Retype the records below exactly as they appear.

================================

lemma b2_ad1: "b2 x \<odot> ad1 y = ad1 y \<odot> R21 x y \<odot> b2 x \<odot> R12 y (- x)"
  using flip2_eq[OF b1_ad2[of x y]] by (simp add: flip2_mul2)

text \<open>In the names below, ra_k x stands for the reflected part b_k x \<odot> a_k (-x) of the tilde
annihilator and rad_k x for the reflected part ad_k (-x) \<odot> b_k (-x) of the tilde creator.\<close>

lemmas a1_b2_tail = a1_b2[THEN mul2_tail, simplified mul2_assoc]
lemmas b1_ad2_tail = b1_ad2[THEN mul2_tail, simplified mul2_assoc]
lemmas b1_R21_b2_tail = b1_R21_b2[THEN mul2_tail, simplified mul2_assoc]
lemmas reflection_b_tail = reflection_b[THEN mul2_tail, simplified mul2_assoc]
lemmas a2_b1_tail = a2_b1[THEN mul2_tail, simplified mul2_assoc]
lemmas b2_ad1_tail = b2_ad1[THEN mul2_tail, simplified mul2_assoc]
lemmas ad1_ad2_tail = ad1_ad2[THEN mul2_tail, simplified mul2_assoc]

lemma a1_ra2: "a1 x \<odot> b2 y \<odot> a2 (- y) = R21 y x \<odot> b2 y \<odot> a2 (- y) \<odot> a1 x"
proof -
  have "a1 x \<odot> b2 y \<odot> a2 (- y) = R21 y x \<odot> b2 y \<odot> R12 x (- y) \<odot> a1 x \<odot> a2 (- y)"
    by (simp only: a1_b2_tail)
  also have "\<dots> = R21 y x \<odot> b2 y \<odot> R12 x (- y) \<odot> R21 (- y) x \<odot> a2 (- y) \<odot> a1 x"
    by (simp only: a1_a2)
  also have "\<dots> = R21 y x \<odot> b2 y \<odot> a2 (- y) \<odot> a1 x"
    by (simp add: R12_R21_cancel)
  finally show ?thesis .
qed

lemma ra1_a2: "b1 x \<odot> a1 (- x) \<odot> a2 y = R21 y x \<odot> a2 y \<odot> b1 x \<odot> a1 (- x)"
proof -
  have "R21 y x \<odot> a2 y \<odot> b1 x \<odot> a1 (- x) = R21 y x \<odot> R12 x y \<odot> b1 x \<odot> R21 y (- x) \<odot> a2 y \<odot> a1 (- x)"
    by (simp only: a2_b1_tail)
  also have "\<dots> = b1 x \<odot> R21 y (- x) \<odot> a2 y \<odot> a1 (- x)"
    by (simp add: R21_R12_cancel)
  also have "\<dots> = b1 x \<odot> a1 (- x) \<odot> a2 y"
    by (simp only: a1_a2)
  finally show ?thesis ..
qed

lemma ra1_ra2: "b1 x \<odot> a1 (- x) \<odot> b2 y \<odot> a2 (- y) = R21 y x \<odot> b2 y \<odot> a2 (- y) \<odot> b1 x \<odot> a1 (- x)"
proof -
  have "b1 x \<odot> a1 (- x) \<odot> b2 y \<odot> a2 (- y)
      = b1 x \<odot> R21 y (- x) \<odot> b2 y \<odot> R12 (- x) (- y) \<odot> a1 (- x) \<odot> a2 (- y)"
    by (simp only: a1_b2_tail)
  also have "\<dots> = b1 x \<odot> R21 y (- x) \<odot> b2 y \<odot> R12 (- x) (- y) \<odot> R21 (- y) (- x) \<odot> a2 (- y) \<odot> a1 (- x)"
    by (simp only: a1_a2)
  also have "\<dots> = b1 x \<odot> R21 y (- x) \<odot> b2 y \<odot> a2 (- y) \<odot> a1 (- x)"
    by (simp add: R12_R21_cancel)
  also have "\<dots> = R21 y x \<odot> b2 y \<odot> R12 x (- y) \<odot> b1 x \<odot> R21 (- y) (- x) \<odot> a2 (- y) \<odot> a1 (- x)"
    by (simp only: b1_R21_b2_tail)
  also have "\<dots> = R21 y x \<odot> b2 y \<odot> a2 (- y) \<odot> b1 x \<odot> a1 (- x)"
    by (simp only: a2_b1_tail)
  finally show ?thesis .
qed

lemma ad1_rad2: "ad1 x \<odot> ad2 (- y) \<odot> b2 (- y) = ad2 (- y) \<odot> b2 (- y) \<odot> ad1 x \<odot> R21 y x"
proof -
  have "ad2 (- y) \<odot> b2 (- y) \<odot> ad1 x \<odot> R21 y x
      = ad2 (- y) \<odot> ad1 x \<odot> R21 (- y) x \<odot> b2 (- y) \<odot> R12 x y \<odot> R21 y x"
    by (simp add: b2_ad1_tail)
  also have "\<dots> = ad2 (- y) \<odot> ad1 x \<odot> R21 (- y) x \<odot> b2 (- y)"
    by (simp add: R12_R21_inverse mul2_one2)
  also have "\<dots> = ad1 x \<odot> ad2 (- y) \<odot> b2 (- y)"
    by (simp only: ad1_ad2_tail)
  finally show ?thesis ..
qed

lemma rad1_ad2: "ad1 (- x) \<odot> b1 (- x) \<odot> ad2 y = ad2 y \<odot> ad1 (- x) \<odot> b1 (- x) \<odot> R21 y x"
proof -
  have "ad1 (- x) \<odot> b1 (- x) \<odot> ad2 y = ad1 (- x) \<odot> ad2 y \<odot> R12 (- x) y \<odot> b1 (- x) \<odot> R21 y x"
    by (simp add: b1_ad2)
  also have "\<dots> = ad2 y \<odot> ad1 (- x) \<odot> R21 y (- x) \<odot> R12 (- x) y \<odot> b1 (- x) \<odot> R21 y x"
    by (simp only: ad1_ad2_tail)
  also have "\<dots> = ad2 y \<odot> ad1 (- x) \<odot> b1 (- x) \<odot> R21 y x"
    by (simp add: R21_R12_cancel)
  finally show ?thesis .
qed

lemma rad1_rad2:
  "ad1 (- x) \<odot> b1 (- x) \<odot> ad2 (- y) \<odot> b2 (- y) = ad2 (- y) \<odot> b2 (- y) \<odot> ad1 (- x) \<odot> b1 (- x) \<odot> R21 y x"
proof -
  have "ad1 (- x) \<odot> b1 (- x) \<odot> ad2 (- y) \<odot> b2 (- y)
      = ad1 (- x) \<odot> ad2 (- y) \<odot> R12 (- x) (- y) \<odot> b1 (- x) \<odot> R21 (- y) x \<odot> b2 (- y)"
    by (simp add: b1_ad2_tail)
  also have "\<dots> = ad2 (- y) \<odot> ad1 (- x) \<odot> R21 (- y) (- x) \<odot> R12 (- x) (- y) \<odot> b1 (- x) \<odot> R21 (- y) x \<odot> b2 (- y)"
    by (simp only: ad1_ad2_tail)
  also have "\<dots> = ad2 (- y) \<odot> ad1 (- x) \<odot> b1 (- x) \<odot> R21 (- y) x \<odot> b2 (- y)"
    by (simp add: R21_R12_cancel)
  also have "\<dots> = ad2 (- y) \<odot> ad1 (- x) \<odot> R21 (- y) (- x) \<odot> b2 (- y) \<odot> R12 (- x) y \<odot> b1 (- x) \<odot> R21 y x"
    using b1_R21_b2[of "- x" "- y"] by simp
  also have "\<dots> = ad2 (- y) \<odot> b2 (- y) \<odot> ad1 (- x) \<odot> b1 (- x) \<odot> R21 y x"
    by (simp add: b2_ad1_tail)
  finally show ?thesis .
qed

================================

Your solution ->
lemma b2_ad1: "b2 x \<odot> ad1 y = ad1 y \<odot> R21 x y \<odot> b2 x \<odot> R12 y (- x)"
  using flip2_eq[OF b1_ad2[of x y]] by (simp add: flip2_mul2)

text \<open>In the names below, ra_k x stands for the reflected part b_k x \<odot> a_k (-x) of the tilde
annihilator and rad_k x for the reflected part ad_k (-x) \<odot> b_k (-x) of the tilde creator.\<close>

lemmas a1_b2_tail = a1_b2[THEN mul2_tail, simplified mul2_assoc]
lemmas b1_ad2_tail = b1_ad2[THEN mul2_tail, simplified mul2_assoc]
lemmas b1_R21_b2_tail = b1_R21_b2[THEN mul2_tail, simplified mul2_assoc]
lemmas reflection_b_tail = reflection_b[THEN mul2_tail, simplified mul2_assoc]
lemmas a2_b1_tail = a2_b1[THEN mul2_tail, simplified mul2_assoc]
lemmas b2_ad1_tail = b2_ad1[THEN mul2_tail, simplified mul2_assoc]
lemmas ad1_ad2_tail = ad1_ad2[THEN mul2_tail, simplified mul2_assoc]

lemma a1_ra2: "a1 x \<odot> b2 y \<odot> a2 (- y) = R21 y x \<odot> b2 y \<odot> a2 (- y) \<odot> a1 x"
proof -
  have "a1 x \<odot> b2 y \<odot> a2 (- y) = R21 y x \<odot> b2 y \<odot> R12 x (- y) \<odot> a1 x \<odot> a2 (- y)"
    by (simp only: a1_b2_tail)
  also have "\<dots> = R21 y x \<odot> b2 y \<odot> R12 x (- y) \<odot> R21 (- y) x \<odot> a2 (- y) \<odot> a1 x"
    by (simp only: a1_a2)
  also have "\<dots> = R21 y x \<odot> b2 y \<odot> a2 (- y) \<odot> a1 x"
    by (simp add: R12_R21_cancel)
  finally show ?thesis .
qed

lemma ra1_a2: "b1 x \<odot> a1 (- x) \<odot> a2 y = R21 y x \<odot> a2 y \<odot> b1 x \<odot> a1 (- x)"
proof -
  have "R21 y x \<odot> a2 y \<odot> b1 x \<odot> a1 (- x) = R21 y x \<odot> R12 x y \<odot> b1 x \<odot> R21 y (- x) \<odot> a2 y \<odot> a1 (- x)"
    by (simp only: a2_b1_tail)
  also have "\<dots> = b1 x \<odot> R21 y (- x) \<odot> a2 y \<odot> a1 (- x)"
    by (simp add: R21_R12_cancel)
  also have "\<dots> = b1 x \<odot> a1 (- x) \<odot> a2 y"
    by (simp only: a1_a2)
  finally show ?thesis ..
qed

lemma ra1_ra2: "b1 x \<odot> a1 (- x) \<odot> b2 y \<odot> a2 (- y) = R21 y x \<odot> b2 y \<odot> a2 (- y) \<odot> b1 x \<odot> a1 (- x)"
proof -
  have "b1 x \<odot> a1 (- x) \<odot> b2 y \<odot> a2 (- y)
      = b1 x \<odot> R21 y (- x) \<odot> b2 y \<odot> R12 (- x) (- y) \<odot> a1 (- x) \<odot> a2 (- y)"
    by (simp only: a1_b2_tail)
  also have "\<dots> = b1 x \<odot> R21 y (- x) \<odot> b2 y \<odot> R12 (- x) (- y) \<odot> R21 (- y) (- x) \<odot> a2 (- y) \<odot> a1 (- x)"
    by (simp only: a1_a2)
  also have "\<dots> = b1 x \<odot> R21 y (- x) \<odot> b2 y \<odot> a2 (- y) \<odot> a1 (- x)"
    by (simp add: R12_R21_cancel)
  also have "\<dots> = R21 y x \<odot> b2 y \<odot> R12 x (- y) \<odot> b1 x \<odot> R21 (- y) (- x) \<odot> a2 (- y) \<odot> a1 (- x)"
    by (simp only: b1_R21_b2_tail)
  also have "\<dots> = R21 y x \<odot> b2 y \<odot> a2 (- y) \<odot> b1 x \<odot> a1 (- x)"
    by (simp only: a2_b1_tail)
  finally show ?thesis .
qed

lemma ad1_rad2: "ad1 x \<odot> ad2 (- y) \<odot> b2 (- y) = ad2 (- y) \<odot> b2 (- y) \<odot> ad1 x \<odot> R21 y x"
proof -
  have "ad2 (- y) \<odot> b2 (- y) \<odot> ad1 x \<odot> R21 y x
      = ad2 (- y) \<odot> ad1 x \<odot> R21 (- y) x \<odot> b2 (- y) \<odot> R12 x y \<odot> R21 y x"
    by (simp add: b2_ad1_tail)
  also have "\<dots> = ad2 (- y) \<odot> ad1 x \<odot> R21 (- y) x \<odot> b2 (- y)"
    by (simp add: R12_R21_inverse mul2_one2)
  also have "\<dots> = ad1 x \<odot> ad2 (- y) \<odot> b2 (- y)"
    by (simp only: ad1_ad2_tail)
  finally show ?thesis ..
qed

lemma rad1_ad2: "ad1 (- x) \<odot> b1 (- x) \<odot> ad2 y = ad2 y \<odot> ad1 (- x) \<odot> b1 (- x) \<odot> R21 y x"
proof -
  have "ad1 (- x) \<odot> b1 (- x) \<odot> ad2 y = ad1 (- x) \<odot> ad2 y \<odot> R12 (- x) y \<odot> b1 (- x) \<odot> R21 y x"
    by (simp add: b1_ad2)
  also have "\<dots> = ad2 y \<odot> ad1 (- x) \<odot> R21 y (- x) \<odot> R12 (- x) y \<odot> b1 (- x) \<odot> R21 y x"
    by (simp only: ad1_ad2_tail)
  also have "\<dots> = ad2 y \<odot> ad1 (- x) \<odot> b1 (- x) \<odot> R21 y x"
    by (simp add: R21_R12_cancel)
  finally show ?thesis .
qed

lemma rad1_rad2:
  "ad1 (- x) \<odot> b1 (- x) \<odot> ad2 (- y) \<odot> b2 (- y) = ad2 (- y) \<odot> b2 (- y) \<odot> ad1 (- x) \<odot> b1 (- x) \<odot> R21 y x"
proof -
  have "ad1 (- x) \<odot> b1 (- x) \<odot> ad2 (- y) \<odot> b2 (- y)
      = ad1 (- x) \<odot> ad2 (- y) \<odot> R12 (- x) (- y) \<odot> b1 (- x) \<odot> R21 (- y) x \<odot> b2 (- y)"
    by (simp add: b1_ad2_tail)
  also have "\<dots> = ad2 (- y) \<odot> ad1 (- x) \<odot> R21 (- y) (- x) \<odot> R12 (- x) (- y) \<odot> b1 (- x) \<odot> R21 (- y) x \<odot> b2 (- y)"
    by (simp only: ad1_ad2_tail)
  also have "\<dots> = ad2 (- y) \<odot> ad1 (- x) \<odot> b1 (- x) \<odot> R21 (- y) x \<odot> b2 (- y)"
    by (simp add: R21_R12_cancel)
  also have "\<dots> = ad2 (- y) \<odot> ad1 (- x) \<odot> R21 (- y) (- x) \<odot> b2 (- y) \<odot> R12 (- x) y \<odot> b1 (- x) \<odot> R21 y x"
    using b1_R21_b2[of "- x" "- y"] by simp
  also have "\<dots> = ad2 (- y) \<odot> b2 (- y) \<odot> ad1 (- x) \<odot> b1 (- x) \<odot> R21 y x"
    by (simp add: b2_ad1_tail)
  finally show ?thesis .
qed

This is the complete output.